» About this exercise: Starting at the line that contains "text \<open>Eigenvalues (roots" and ending at the line that contains "k = sorted_list_of_multiset", the lines below are to be given again exactly, with nothing added.

» Data shown:
○ ○ ○
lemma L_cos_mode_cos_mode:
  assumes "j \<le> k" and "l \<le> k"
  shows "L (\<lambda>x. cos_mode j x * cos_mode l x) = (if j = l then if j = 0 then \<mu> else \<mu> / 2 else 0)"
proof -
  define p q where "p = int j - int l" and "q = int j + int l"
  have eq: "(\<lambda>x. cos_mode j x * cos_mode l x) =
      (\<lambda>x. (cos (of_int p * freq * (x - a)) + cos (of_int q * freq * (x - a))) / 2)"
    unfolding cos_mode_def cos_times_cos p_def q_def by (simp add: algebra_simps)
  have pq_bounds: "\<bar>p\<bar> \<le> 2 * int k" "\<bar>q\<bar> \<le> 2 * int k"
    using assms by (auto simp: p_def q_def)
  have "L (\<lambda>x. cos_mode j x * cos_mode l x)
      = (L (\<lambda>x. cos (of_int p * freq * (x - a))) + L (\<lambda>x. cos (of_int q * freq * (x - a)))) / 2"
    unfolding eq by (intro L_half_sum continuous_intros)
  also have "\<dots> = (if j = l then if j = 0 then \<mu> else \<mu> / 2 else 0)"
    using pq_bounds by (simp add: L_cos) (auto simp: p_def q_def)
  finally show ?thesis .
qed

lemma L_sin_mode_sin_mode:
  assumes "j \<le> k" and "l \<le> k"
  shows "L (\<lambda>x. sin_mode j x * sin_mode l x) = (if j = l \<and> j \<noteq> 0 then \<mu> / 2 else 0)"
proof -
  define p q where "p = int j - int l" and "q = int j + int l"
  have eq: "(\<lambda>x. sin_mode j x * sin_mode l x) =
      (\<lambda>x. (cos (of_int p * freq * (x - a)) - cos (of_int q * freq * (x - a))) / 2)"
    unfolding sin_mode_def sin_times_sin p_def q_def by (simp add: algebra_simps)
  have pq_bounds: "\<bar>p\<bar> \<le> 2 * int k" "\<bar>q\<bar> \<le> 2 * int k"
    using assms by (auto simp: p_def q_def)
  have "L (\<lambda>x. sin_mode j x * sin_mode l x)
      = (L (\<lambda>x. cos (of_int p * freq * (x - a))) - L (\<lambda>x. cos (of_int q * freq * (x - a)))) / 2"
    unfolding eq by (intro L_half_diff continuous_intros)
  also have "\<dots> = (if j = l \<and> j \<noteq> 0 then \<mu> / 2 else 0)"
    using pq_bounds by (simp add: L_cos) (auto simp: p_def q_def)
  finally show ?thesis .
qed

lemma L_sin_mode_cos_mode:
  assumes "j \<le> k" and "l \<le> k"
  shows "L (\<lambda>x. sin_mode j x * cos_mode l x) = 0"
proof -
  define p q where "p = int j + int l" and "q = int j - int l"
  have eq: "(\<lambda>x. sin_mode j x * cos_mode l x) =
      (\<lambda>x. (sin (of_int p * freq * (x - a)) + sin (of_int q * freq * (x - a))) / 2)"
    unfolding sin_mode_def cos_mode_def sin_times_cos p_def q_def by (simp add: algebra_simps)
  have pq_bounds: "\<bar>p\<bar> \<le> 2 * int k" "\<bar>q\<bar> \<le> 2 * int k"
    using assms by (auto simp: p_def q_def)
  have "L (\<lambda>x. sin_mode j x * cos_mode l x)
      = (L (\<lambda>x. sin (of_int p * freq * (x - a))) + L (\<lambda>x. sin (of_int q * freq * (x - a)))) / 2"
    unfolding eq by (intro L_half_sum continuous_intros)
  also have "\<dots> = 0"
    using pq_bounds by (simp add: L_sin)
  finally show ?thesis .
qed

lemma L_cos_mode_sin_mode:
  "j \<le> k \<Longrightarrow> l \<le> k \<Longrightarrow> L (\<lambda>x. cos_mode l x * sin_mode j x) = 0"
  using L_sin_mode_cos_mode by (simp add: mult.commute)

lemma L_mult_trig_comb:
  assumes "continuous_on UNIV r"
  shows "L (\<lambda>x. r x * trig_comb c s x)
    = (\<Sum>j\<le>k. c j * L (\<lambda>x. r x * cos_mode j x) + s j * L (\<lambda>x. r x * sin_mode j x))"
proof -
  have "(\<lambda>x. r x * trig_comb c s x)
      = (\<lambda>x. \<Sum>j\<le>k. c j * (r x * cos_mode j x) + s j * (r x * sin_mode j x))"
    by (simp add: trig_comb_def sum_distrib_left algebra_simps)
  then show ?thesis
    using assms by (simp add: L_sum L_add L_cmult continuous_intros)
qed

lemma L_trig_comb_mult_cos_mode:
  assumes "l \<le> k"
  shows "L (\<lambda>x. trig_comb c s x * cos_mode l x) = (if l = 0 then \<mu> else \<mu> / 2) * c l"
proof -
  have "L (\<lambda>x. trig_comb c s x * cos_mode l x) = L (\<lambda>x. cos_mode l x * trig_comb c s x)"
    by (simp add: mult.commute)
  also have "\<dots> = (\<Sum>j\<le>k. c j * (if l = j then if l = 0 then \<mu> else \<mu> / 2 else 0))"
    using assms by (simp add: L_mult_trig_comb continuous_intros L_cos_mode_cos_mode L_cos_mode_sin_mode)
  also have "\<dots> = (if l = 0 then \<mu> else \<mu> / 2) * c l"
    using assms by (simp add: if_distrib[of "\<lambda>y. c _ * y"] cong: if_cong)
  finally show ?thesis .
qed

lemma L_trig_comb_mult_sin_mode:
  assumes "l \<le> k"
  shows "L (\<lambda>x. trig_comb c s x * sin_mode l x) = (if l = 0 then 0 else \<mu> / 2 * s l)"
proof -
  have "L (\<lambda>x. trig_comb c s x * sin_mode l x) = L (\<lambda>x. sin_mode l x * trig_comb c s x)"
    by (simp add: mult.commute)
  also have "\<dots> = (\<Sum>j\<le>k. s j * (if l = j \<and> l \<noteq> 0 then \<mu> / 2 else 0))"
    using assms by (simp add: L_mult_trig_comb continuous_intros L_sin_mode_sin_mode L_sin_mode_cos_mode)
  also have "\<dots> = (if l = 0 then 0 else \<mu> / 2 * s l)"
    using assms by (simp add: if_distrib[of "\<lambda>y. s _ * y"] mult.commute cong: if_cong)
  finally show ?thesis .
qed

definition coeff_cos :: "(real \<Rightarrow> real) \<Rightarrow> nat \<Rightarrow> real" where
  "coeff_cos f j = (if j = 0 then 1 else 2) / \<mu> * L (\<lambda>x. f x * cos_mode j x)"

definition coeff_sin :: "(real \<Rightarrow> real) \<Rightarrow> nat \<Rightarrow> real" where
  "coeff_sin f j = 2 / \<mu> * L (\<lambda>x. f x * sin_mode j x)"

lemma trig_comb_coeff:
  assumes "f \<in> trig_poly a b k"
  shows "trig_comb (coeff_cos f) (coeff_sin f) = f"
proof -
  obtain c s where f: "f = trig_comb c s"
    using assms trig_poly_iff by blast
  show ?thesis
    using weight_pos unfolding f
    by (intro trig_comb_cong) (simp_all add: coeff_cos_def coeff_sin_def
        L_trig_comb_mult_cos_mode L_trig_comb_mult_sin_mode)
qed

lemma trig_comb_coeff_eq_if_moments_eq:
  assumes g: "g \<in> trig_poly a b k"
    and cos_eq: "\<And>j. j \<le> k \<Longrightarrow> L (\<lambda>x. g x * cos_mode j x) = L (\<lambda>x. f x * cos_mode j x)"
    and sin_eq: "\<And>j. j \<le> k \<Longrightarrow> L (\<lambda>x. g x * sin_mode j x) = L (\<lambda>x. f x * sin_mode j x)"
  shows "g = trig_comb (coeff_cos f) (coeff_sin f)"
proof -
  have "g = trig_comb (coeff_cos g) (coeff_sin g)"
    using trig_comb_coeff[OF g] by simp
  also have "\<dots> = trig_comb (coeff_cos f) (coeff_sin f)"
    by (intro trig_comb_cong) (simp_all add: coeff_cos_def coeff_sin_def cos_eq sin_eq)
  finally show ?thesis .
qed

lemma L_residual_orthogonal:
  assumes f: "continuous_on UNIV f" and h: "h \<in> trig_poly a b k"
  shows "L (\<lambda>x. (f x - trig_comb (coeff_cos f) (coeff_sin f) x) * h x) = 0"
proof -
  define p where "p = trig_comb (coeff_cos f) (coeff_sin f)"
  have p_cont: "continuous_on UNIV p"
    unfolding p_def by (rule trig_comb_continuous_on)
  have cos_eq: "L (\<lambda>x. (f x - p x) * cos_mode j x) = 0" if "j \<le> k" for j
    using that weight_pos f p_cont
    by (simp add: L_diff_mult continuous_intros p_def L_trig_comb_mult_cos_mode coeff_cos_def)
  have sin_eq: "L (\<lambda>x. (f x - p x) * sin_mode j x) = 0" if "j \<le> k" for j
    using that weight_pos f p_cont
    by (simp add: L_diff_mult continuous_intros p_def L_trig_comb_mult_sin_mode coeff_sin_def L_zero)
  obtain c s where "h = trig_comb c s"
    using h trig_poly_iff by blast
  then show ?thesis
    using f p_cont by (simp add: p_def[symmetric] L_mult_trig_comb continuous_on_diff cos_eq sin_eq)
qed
○ ○ ○
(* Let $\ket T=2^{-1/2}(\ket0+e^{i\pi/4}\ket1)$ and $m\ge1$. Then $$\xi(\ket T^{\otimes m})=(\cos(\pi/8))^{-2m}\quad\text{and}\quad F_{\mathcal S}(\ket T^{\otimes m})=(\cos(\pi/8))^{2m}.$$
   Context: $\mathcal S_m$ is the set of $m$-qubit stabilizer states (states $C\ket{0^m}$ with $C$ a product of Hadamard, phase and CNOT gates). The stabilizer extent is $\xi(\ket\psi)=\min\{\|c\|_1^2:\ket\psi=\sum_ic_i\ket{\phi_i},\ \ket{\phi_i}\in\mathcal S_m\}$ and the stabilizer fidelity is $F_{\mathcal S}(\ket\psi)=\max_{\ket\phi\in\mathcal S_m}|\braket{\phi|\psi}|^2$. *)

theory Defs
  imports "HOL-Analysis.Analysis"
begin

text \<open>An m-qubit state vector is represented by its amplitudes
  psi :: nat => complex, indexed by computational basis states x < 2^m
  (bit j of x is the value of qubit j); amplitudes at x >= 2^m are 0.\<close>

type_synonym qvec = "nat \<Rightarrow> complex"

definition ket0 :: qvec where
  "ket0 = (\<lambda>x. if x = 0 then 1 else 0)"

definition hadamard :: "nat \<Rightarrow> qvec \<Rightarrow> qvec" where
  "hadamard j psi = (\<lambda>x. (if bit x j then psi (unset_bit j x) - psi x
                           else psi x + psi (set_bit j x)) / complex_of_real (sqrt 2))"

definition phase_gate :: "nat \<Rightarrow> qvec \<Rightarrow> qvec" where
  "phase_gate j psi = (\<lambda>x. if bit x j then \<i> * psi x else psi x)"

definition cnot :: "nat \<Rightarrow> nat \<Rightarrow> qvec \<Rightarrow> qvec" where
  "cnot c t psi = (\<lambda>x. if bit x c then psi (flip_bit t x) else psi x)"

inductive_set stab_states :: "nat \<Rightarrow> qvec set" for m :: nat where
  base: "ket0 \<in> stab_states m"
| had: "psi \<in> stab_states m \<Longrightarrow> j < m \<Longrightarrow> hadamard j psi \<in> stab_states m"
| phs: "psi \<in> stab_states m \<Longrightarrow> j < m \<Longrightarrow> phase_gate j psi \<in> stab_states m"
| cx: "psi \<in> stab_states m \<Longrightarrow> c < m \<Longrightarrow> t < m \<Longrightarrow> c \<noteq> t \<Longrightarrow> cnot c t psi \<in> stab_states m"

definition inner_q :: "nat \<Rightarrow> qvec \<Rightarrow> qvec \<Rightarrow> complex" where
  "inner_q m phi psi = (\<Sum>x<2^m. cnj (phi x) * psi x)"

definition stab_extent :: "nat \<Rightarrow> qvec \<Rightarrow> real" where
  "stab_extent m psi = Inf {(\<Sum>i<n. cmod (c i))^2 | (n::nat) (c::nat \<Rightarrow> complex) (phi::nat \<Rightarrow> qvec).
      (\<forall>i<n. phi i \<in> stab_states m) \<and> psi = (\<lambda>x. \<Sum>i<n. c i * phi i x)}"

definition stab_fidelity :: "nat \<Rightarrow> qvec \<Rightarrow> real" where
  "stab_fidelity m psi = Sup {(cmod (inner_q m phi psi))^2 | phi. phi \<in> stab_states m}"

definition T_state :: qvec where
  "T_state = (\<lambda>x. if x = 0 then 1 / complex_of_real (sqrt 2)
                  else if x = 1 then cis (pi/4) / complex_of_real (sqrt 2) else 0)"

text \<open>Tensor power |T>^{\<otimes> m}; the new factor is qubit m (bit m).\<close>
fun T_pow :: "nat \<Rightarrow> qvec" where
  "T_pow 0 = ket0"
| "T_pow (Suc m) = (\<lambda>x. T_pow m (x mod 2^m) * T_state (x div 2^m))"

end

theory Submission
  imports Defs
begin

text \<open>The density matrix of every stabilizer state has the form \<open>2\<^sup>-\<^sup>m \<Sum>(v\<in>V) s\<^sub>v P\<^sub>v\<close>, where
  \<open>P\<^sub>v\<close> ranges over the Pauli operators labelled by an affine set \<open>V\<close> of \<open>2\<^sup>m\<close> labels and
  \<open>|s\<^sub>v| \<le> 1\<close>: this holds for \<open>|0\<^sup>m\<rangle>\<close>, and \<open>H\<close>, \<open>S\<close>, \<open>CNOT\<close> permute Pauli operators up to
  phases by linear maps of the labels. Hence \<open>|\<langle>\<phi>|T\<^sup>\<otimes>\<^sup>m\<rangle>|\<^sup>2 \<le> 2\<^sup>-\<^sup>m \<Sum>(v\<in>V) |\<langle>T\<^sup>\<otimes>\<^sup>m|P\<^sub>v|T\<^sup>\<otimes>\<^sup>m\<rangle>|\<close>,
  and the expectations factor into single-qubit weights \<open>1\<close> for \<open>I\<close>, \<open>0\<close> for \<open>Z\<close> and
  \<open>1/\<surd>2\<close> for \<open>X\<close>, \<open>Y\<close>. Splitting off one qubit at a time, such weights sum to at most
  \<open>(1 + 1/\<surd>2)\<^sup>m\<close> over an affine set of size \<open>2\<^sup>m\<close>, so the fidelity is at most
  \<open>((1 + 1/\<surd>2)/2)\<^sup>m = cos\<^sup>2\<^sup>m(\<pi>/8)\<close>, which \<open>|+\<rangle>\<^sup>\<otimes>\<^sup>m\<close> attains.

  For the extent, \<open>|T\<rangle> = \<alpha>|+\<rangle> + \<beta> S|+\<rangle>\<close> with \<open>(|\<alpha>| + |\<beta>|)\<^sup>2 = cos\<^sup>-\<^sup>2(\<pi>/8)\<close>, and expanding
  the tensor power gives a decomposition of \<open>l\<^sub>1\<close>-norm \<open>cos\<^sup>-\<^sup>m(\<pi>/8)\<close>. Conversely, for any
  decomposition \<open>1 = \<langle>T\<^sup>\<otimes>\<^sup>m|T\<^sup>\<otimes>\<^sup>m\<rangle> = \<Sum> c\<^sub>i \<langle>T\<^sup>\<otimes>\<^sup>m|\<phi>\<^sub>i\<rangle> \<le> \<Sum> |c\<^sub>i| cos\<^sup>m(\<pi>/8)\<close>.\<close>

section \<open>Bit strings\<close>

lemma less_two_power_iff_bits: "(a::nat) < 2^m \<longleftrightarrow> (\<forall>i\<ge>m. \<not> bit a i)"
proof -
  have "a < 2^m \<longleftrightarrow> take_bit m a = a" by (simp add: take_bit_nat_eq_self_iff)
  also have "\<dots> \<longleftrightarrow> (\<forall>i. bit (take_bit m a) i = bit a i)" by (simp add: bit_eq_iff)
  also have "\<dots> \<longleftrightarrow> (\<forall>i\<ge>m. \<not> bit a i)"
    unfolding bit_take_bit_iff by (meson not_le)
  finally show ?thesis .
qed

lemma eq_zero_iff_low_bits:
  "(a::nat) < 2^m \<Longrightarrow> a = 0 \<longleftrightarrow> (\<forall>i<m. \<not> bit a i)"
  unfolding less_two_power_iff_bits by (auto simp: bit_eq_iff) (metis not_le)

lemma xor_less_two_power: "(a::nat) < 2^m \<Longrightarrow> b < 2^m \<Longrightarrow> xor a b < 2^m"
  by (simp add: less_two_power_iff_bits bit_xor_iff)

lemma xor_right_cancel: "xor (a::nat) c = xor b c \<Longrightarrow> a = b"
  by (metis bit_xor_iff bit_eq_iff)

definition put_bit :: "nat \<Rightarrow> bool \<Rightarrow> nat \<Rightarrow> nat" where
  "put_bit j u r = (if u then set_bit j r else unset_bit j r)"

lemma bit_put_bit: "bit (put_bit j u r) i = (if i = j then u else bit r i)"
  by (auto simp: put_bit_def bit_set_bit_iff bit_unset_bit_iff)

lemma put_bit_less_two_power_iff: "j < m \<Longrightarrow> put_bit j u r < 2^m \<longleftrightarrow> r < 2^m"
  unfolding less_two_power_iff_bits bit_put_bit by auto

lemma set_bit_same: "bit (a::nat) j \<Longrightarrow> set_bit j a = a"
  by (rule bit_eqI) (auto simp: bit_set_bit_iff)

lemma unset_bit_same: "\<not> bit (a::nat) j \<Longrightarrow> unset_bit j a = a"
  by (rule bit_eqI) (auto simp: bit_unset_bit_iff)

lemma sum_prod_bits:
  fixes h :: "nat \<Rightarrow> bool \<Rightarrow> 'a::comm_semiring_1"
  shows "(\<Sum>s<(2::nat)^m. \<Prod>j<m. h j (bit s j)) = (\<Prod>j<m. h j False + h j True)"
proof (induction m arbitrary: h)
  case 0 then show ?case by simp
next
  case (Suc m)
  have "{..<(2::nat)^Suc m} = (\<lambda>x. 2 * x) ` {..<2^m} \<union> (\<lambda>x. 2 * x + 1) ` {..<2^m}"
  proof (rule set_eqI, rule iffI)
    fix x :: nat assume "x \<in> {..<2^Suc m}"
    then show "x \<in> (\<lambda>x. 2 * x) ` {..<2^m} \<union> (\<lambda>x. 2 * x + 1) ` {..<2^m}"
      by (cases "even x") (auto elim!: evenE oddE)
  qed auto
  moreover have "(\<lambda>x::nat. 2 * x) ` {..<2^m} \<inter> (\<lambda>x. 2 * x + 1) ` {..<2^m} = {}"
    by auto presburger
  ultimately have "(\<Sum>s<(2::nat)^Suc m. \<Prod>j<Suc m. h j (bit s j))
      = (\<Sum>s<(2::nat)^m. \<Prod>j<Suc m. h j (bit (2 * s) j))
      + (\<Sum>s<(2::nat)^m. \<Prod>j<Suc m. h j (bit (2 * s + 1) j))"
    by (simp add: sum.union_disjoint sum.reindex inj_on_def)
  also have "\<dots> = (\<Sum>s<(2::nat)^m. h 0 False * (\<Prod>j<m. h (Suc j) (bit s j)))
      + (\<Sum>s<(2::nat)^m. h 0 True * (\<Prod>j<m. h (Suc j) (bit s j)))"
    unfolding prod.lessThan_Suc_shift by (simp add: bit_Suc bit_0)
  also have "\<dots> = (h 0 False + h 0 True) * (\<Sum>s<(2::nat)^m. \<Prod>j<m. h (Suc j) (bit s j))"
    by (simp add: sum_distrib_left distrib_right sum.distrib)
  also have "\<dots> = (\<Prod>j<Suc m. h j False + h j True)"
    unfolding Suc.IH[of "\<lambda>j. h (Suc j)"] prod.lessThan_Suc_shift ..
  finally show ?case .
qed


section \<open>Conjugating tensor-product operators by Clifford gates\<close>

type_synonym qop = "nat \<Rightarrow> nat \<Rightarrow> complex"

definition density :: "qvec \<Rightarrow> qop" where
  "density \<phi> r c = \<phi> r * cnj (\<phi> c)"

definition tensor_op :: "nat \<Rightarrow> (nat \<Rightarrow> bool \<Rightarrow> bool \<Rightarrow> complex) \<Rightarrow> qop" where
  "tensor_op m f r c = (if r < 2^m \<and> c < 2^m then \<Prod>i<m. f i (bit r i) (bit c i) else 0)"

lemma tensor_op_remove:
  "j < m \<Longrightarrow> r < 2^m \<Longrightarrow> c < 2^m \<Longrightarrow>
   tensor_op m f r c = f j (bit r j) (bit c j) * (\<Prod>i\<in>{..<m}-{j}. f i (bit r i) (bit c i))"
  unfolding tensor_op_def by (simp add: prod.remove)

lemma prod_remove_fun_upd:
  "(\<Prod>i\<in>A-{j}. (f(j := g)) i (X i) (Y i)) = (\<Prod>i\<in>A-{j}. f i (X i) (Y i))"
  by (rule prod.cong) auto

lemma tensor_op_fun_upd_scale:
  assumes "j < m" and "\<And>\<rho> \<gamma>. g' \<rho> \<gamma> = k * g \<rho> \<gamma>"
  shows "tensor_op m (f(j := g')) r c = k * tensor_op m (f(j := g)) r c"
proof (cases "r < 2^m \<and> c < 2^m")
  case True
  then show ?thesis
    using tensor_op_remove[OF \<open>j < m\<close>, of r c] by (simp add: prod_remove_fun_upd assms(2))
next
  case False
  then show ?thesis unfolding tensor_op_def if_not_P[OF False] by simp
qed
○ ○ ○
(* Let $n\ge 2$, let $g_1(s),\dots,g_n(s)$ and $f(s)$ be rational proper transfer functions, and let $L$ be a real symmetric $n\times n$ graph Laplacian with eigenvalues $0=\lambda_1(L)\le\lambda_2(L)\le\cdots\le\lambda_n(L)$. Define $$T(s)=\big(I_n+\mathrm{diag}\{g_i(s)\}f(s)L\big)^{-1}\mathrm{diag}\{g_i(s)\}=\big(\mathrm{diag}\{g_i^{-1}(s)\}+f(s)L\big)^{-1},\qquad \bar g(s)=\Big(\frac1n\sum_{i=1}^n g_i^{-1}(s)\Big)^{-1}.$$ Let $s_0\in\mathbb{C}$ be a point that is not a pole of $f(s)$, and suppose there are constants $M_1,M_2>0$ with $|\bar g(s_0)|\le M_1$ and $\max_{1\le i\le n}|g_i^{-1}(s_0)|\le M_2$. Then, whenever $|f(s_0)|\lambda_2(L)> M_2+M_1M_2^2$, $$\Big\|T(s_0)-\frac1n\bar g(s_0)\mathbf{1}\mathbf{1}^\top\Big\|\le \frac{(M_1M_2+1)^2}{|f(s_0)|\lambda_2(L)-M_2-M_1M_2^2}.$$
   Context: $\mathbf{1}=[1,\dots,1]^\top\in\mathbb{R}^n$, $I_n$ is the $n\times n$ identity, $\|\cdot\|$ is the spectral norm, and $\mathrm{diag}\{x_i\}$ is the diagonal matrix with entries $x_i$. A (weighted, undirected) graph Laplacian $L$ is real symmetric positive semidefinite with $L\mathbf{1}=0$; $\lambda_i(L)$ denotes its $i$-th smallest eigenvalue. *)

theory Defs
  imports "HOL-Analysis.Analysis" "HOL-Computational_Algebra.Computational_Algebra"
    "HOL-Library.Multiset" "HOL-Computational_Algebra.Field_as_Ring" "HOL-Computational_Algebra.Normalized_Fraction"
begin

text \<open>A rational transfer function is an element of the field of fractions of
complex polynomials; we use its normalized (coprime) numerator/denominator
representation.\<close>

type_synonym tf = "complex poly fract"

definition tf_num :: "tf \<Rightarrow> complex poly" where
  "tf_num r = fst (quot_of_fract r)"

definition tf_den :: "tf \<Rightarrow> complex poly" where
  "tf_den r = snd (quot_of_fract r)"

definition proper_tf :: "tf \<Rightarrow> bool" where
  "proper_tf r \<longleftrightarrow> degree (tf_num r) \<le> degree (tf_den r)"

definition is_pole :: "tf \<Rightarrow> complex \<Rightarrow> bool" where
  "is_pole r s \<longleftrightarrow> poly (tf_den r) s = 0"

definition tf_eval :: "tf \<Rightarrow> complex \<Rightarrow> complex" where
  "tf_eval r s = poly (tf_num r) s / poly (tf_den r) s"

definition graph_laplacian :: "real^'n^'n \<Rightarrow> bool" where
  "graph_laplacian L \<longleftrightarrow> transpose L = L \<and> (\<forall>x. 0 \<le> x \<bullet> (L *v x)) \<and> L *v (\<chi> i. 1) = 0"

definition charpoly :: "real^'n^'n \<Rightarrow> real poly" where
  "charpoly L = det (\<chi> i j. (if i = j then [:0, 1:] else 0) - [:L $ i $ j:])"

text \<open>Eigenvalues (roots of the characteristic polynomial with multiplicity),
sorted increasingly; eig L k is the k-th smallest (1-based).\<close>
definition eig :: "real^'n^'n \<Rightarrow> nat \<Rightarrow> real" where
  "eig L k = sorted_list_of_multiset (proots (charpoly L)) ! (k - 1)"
○ ○ ○
» Solution to this task:
text \<open>Eigenvalues (roots of the characteristic polynomial with multiplicity),
sorted increasingly; eig L k is the k-th smallest (1-based).\<close>
definition eig :: "real^'n^'n \<Rightarrow> nat \<Rightarrow> real" where
  "eig L k = sorted_list_of_multiset (proots (charpoly L)) ! (k - 1)"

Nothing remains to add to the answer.